Marine Life
A mesmerising dusk dive with a living cloud of striped eel catfish
By ScubaDownUnder Team · Published 11 October 2025
# A Dusk Encounter with Striped Eel Catfish at [Shelly Beach](https://www.scubadownunder.com/dive-sites/shelly-beach)
The sun had already begun its slow descent over Manly when I waded into the water at Shelly Beach. The surface shimmered gold, a thin veil of light trying to hold back the oncoming blue of dusk. Beneath it, the world felt quieter, heavier. The usual chatter of snorkellers and surfacing divers had faded, replaced by the low hum of my regulator and the muffled heartbeat of the sea. I’ve dived Shelly countless times, but twilight here always carries a certain electricity that moment when day fish retreat to the shadows and the night dwellers begin to stir.

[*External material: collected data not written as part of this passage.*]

(* Let $\mathbb L$ be a tropical Lagrangian multi-section over a complete fan $\Sigma$, let $\tau\in\Sigma$ with a chosen splitting $\iota_\tau$, and let $\tau'$ be a lift of $\tau$. If $\mathbb L$ is separable, then its localization $\mathbb L_{\tau'}$ along $\tau'$ is also separable.
   Context: $N$ is a lattice, $M=N^*$, $\Sigma$ a complete fan in $N_{\mathbb R}$. A tropical Lagrangian multi-section over $\Sigma$ is $\mathbb L=(L,\Sigma',\mu,\pi,\varphi)$: a cone complex $\Sigma'$ with support $L$, a surjective map $\pi:L\to|\Sigma|$ mapping each cone $\sigma'\in\Sigma'$ isomorphically onto a cone of $\Sigma$, multiplicities $\mu:\Sigma'\to\mathbb Z_{>0}$ with constant total multiplicity over each point, and a continuous $\varphi$ on $L$ linear on each maximal cone $\sigma'$ with slope $m(\sigma')\in M$. $\mathbb L$ is separable if for every $\tau\in\Sigma$ and distinct lifts $\tau^{(\alpha)}\ne\tau^{(\beta)}$ of $\tau$ in $\Sigma'$, $\varphi|_{\tau^{(\alpha)}}\ne\varphi|_{\tau^{(\beta)}}$ (as functions on $\tau$ via $\pi$). Localization: for $\tau\in\Sigma$, $N_\tau=N/(\mathbb R\tau\cap N)$, $p_\tau:N\to N_\tau$, $M_\tau=\tau^\perp\cap M$, a splitting $\iota_\tau$ of $p_\tau$ with dual $\iota_\tau^*:M\to M_\tau$, quotient fan $\Sigma_\tau$ with cones $K_\tau(\sigma)=p_\tau(\sigma)$, $\sigma\supset\tau$; for a lift $\tau'$ of $\tau$, $\mathbb L_{\tau'}$ is the tropical Lagrangian multi-section over $\Sigma_\tau$ with cones $K_\tau(\sigma)\times\{\iota_\tau^*m(\sigma')\}$ for cones $\sigma'\supset\tau'$ over $\sigma$, glued along common faces over $\Sigma_\tau$, multiplicity $\mu(\sigma')$, and piecewise linear function of slope $\iota_\tau^*m(\sigma')$ on the cone indexed by $\sigma'$. *)

theory Defs
  imports "HOL-Analysis.Analysis"
begin

text \<open>The lattice N is modelled as the integer points of real^'n; the dual lattice M is
  identified with the integer points of real^'n via the standard inner product.\<close>

definition lattice_vec :: "real^'n \<Rightarrow> bool" where
  "lattice_vec v \<longleftrightarrow> (\<forall>i. v $ i \<in> \<int>)"

definition rat_cone :: "(real^'n) set \<Rightarrow> bool" where
  "rat_cone \<sigma> \<longleftrightarrow> (\<exists>S. finite S \<and> (\<forall>v\<in>S. lattice_vec v) \<and>
      \<sigma> = {x. \<exists>c. (\<forall>v\<in>S. c v \<ge> 0) \<and> x = (\<Sum>v\<in>S. c v *\<^sub>R v)})"

definition fan :: "(real^'n) set set \<Rightarrow> bool" where
  "fan \<Sigma> \<longleftrightarrow> finite \<Sigma>
     \<and> (\<forall>\<sigma>\<in>\<Sigma>. rat_cone \<sigma> \<and> \<sigma> \<inter> uminus ` \<sigma> = {0})
     \<and> (\<forall>\<sigma>\<in>\<Sigma>. \<forall>\<tau>. \<tau> face_of \<sigma> \<and> \<tau> \<noteq> {} \<longrightarrow> \<tau> \<in> \<Sigma>)
     \<and> (\<forall>\<sigma>\<in>\<Sigma>. \<forall>\<sigma>2\<in>\<Sigma>. (\<sigma> \<inter> \<sigma>2) face_of \<sigma> \<and> (\<sigma> \<inter> \<sigma>2) face_of \<sigma>2)"

definition complete_fan :: "(real^'n) set set \<Rightarrow> bool" where
  "complete_fan \<Sigma> \<longleftrightarrow> fan \<Sigma> \<and> \<Union>\<Sigma> = UNIV"

text \<open>Abstract cone complex: a finite set C of cones with face relation fle.
  prj c is the cone of the fan onto which the cone c is mapped isomorphically.\<close>
definition is_max_cone :: "'c set \<Rightarrow> ('c \<Rightarrow> 'c \<Rightarrow> bool) \<Rightarrow> 'c \<Rightarrow> bool" where
  "is_max_cone C fle s \<longleftrightarrow> s \<in> C \<and> (\<forall>d\<in>C. fle s d \<longrightarrow> d = s)"
(* There is an absolute constant $c>0$ such that the following holds. Let $\beta^*\in\mathbb R^d$, $\mathbf X\in\mathbb R^{n\times d}$ with i.i.d. $N(0,1)$ entries, and $\eta\in\mathbb R^n$ deterministic with $|\{i:|\eta_i|\le1\}|\ge\alpha n$ for some $\alpha\in(0,1]$; let $\mathbf y=\mathbf X\beta^*+\eta$. Let $\hat\beta$ be the output of the Coordinate-wise Median Algorithm on $(\mathbf y,\mathbf X)$. Then for any $0<\tau\le\alpha^2n$, \[\|\beta^*-\hat\beta\|^2\le\frac{d\,\tau}{\alpha^2n}\big(1+\|\beta^*\|^2\big)\] with probability at least $1-2\exp(\ln d-c\tau)$.
   Context: Coordinate-wise Median Algorithm on input $(y,X)\in\mathbb R^n\times\mathbb R^{n\times d}$: sample independent $w_i\sim N(0,1)$ and Rademacher signs $\sigma_i$, independent of everything else, and set $y'_i=\sigma_iy_i+w_i$, $X'_{i,\cdot}=\sigma_iX_{i,\cdot}$. For each $j\in[d]$ let $M_j=\{i:|X'_{ij}|\ge1/2\}$ and let $\hat\beta_j$ be the median of $\{y'_i/X'_{ij}:i\in M_j\}$. Output $\hat\beta=(\hat\beta_1,\dots,\hat\beta_d)$. *)

theory Defs
  imports "HOL-Probability.Probability"
begin

definition std_gauss :: "real measure" where
  "std_gauss = density lborel (\<lambda>x. ennreal (std_normal_density x))"

definition rademacher :: "real measure" where
  "rademacher = measure_pmf (pmf_of_set {-1, 1})"

definition median :: "real list \<Rightarrow> real" where
  "median xs = (let ys = sort xs; k = length ys in
     if k = 0 then 0
     else if odd k then ys ! (k div 2)
     else (ys ! (k div 2 - 1) + ys ! (k div 2)) / 2)"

Drifting past the seagrass beds, I watched the last rays flicker over the sand patches, igniting clouds of plankton that danced in the water column. Small schools flickered by, their movements increasingly jittery, alert to the shift in light. The reef seemed to be exhaling, each coral head and rock ledge preparing for the night shift. I followed the gentle slope down towards the flat sandy plain that stretches between the reef’s edge and the deeper channel, expecting to find the usual rays and goatfish nosing about.
## Then the sand moved.
At first, it seemed like an optical trick, a smudge of shifting brown in the water, pulsing as one, but too large and too purposeful to be stirred-up silt. I kicked closer, letting the dimming light reveal what I was really seeing. It wasn’t sand at all. It was life.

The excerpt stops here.